• Escolas Rurais

    Foi em 1990, no decurso de uma Oficina Pedagógica organizada pelos Pólos de Ação Educativa de Alcácer do Sal e de Grândola (ver REDE DE PÓLOS DE AÇÃO EDUCATIVA DO DISTRITO DE SETÚBAL) que surgiu a ideia do Projeto de Escolas Rurais.

    Concebido em resposta às queixas de alguns professores face ao profundo isolamento e abandono em que se encontravam eles e as suas crianças, imaginou-se um projeto em que crianças de várias aldeias (4 a 6) se concentrariam de 15 em 15 dias, rotativamente, numa delas (a aldeia ou escola hospedeira) para, em conjunto, realizarem atividades de variada natureza – ateliers, pesquisas na comunidade, jogos etc. Os professores aproveitariam a oportunidade para, também em conjunto, avaliarem o encontro anterior e planificarem o seguinte. A circunstância de esses encontros de crianças constituírem uma quebra da rotina escolar levou a que se designasse, o momento em que decorriam, por Dias Diferentes.

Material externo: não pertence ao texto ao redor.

lemma covers_in_Cl_insert:
  assumes cg: "convex_geometry X \<phi>" and cover: "covers_in (Cl X \<phi>) c d"
  shows "\<exists>x \<in> X. x \<notin> c \<and> d = insert x c"
proof -
  have co: "closure_operator X \<phi>" and ae: "anti_exchange X \<phi>"
    using cg unfolding convex_geometry_def by auto
  have c: "c \<in> Cl X \<phi>" and d: "d \<in> Cl X \<phi>" and "c \<subset> d"
    and no_between: "\<not> (\<exists>e \<in> Cl X \<phi>. c \<subset> e \<and> e \<subset> d)"
    using cover unfolding covers_in_def by auto
  have dX: "d \<subseteq> X" using d by (simp add: mem_Cl_iff)
  obtain x where x: "x \<in> d" "x \<notin> c" using \<open>c \<subset> d\<close> by blast
  have closure_insert: "\<phi> (c \<union> {z}) = d" if "z \<in> d" "z \<notin> c" for z
  proof -
    have cz: "c \<union> {z} \<subseteq> X" using that \<open>c \<subset> d\<close> dX by blast
    have "\<phi> (c \<union> {z}) \<in> Cl X \<phi>" using closure_in_Cl[OF co cz] .
    moreover have "c \<subset> \<phi> (c \<union> {z})"
      using closure_operator_extensive[OF co cz] that by blast
    moreover have "\<phi> (c \<union> {z}) \<subseteq> d"
      using closure_least[OF co d, of "c \<union> {z}"] that \<open>c \<subset> d\<close> by blast
    ultimately show ?thesis using no_between by blast
  qed
  have "d = insert x c"
  proof (rule ccontr)
    assume "d \<noteq> insert x c"
    then obtain y where y: "y \<in> d" "y \<notin> c" "y \<noteq> x" using x \<open>c \<subset> d\<close> by blast
    have "x \<in> \<phi> (c \<union> {y})" "y \<in> \<phi> (c \<union> {x})"
      using closure_insert[OF y(1,2)] closure_insert[OF x] x y by auto
    moreover have "x \<in> X" "y \<in> X" using x y dX by auto
    ultimately show False using ae c x y unfolding anti_exchange_def by metis
  qed
  with x dX show ?thesis by blast
qed

definition extreme_points :: "'a set \<Rightarrow> ('a set \<Rightarrow> 'a set) \<Rightarrow> 'a set" where
  "extreme_points X \<phi> = {x \<in> X. \<phi> {x} - {x} \<in> Cl X \<phi>}"

lemma weakly_atomicD:
  "weakly_atomic L \<Longrightarrow> a \<in> L \<Longrightarrow> b \<in> L \<Longrightarrow> a \<subset> b \<Longrightarrow>
    \<exists>c d. a \<subseteq> c \<and> d \<subseteq> b \<and> covers_in L c d"
  unfolding weakly_atomic_def by blast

    Propunha-se que as questões tratadas pelas crianças nesses dias fossem trabalhadas na sala de aulas assim como se propunha que o programa desses dias fosse debatido com as crianças, investindo-se inclusivamente na preparação de temas para serem apresentados por estas aos colegas.

    O envolvimento das pessoas da comunidade nos Dias Diferentes seria assegurado, quer pela sua participação em algumas ou várias das iniciativas quer pela realização de um piquenique/merenda em que todos participassem.

    A circunstância desta proposta surgir de quem, à época, coordenava o Projeto ECO explica que nela estivessem patentes algumas das linhas de força deste projeto (concretamente a tónica posta na relação escola comunidade).

    O primeiro Dia Diferente iria acontecer em Alcácer a 15 de Janeiro de 1991: O ICE ainda não existia e os Pólos de Ação Educativa eram então “enquadrados” pela ESE de Setúbal. O Projeto nasce com o nome de “Projeto de Escolas Isoladas”

  • Escola Comunitária de Carvalhal de Vermilhas

    A Escola Aberta é um espaço comunitário de ação educativa e cultural constituindo-se, por isso como um polo de desenvolvimento local com iniciativas que contribuem para a concretização de diversos objetivos:

    – Apoiar a comunidade prestando um serviço de proximidade na informação e formação;

    – Contribuir para a visibilidade e promoção dos saberes e práticas culturais locais, na medida em que se organiza, potenciando esses saberes e práticas;

    – Organizar iniciativas que se orientam para a qualificaçãoda comunidade (sensibilização para a leitura, recolha e sistematização de saberes e fazeres tradicionais locais);

    – Interagir com a atividade escolar formal, potenciando-se como seu recurso pedagógico e contribuindo assim para a contextualização das práticas pedagógicas.

    A promoção de uma Escola Comunitária, por nós designada, Escola Aberta (EA), partiu da necessidade constatada de criar um espaço que, para além de ocupar as crianças em tempo pós letivo, viesse a constituir-se como um espaço aberto à participação da comunidade, de apoio logístico às necessidades das pessoas, passível de contribuir para a quebra de isolamento e conformismo em que estas viviam, num contexto marcado por dificuldades crescentes de acesso a serviços de proximidade (que, na verdade, lhe vêm sendo retirados), por uma quebra de relações de interdependência no seu seio (que o desaparecimento de espaços de convivialidade vem agravar), pela perda da competitividade e dovalor de troca dos vens que produzem e pela desvalorização social das práticas culturais que no passado lhes davam identidade.

    Ainda que o motivo da criação da EA tenha surgido do desejo expresso de criar um espaço de apoio a necessidades imediatas da população – prolongamento de horário de ocupação das crianças que de outro modo permaneceriam na rua; local de convivialidade das pessoas; centro de educação de adultos; etc. – a sua ambição era a de desencadear nela e através dela um foco de desenvolvimento comunitário.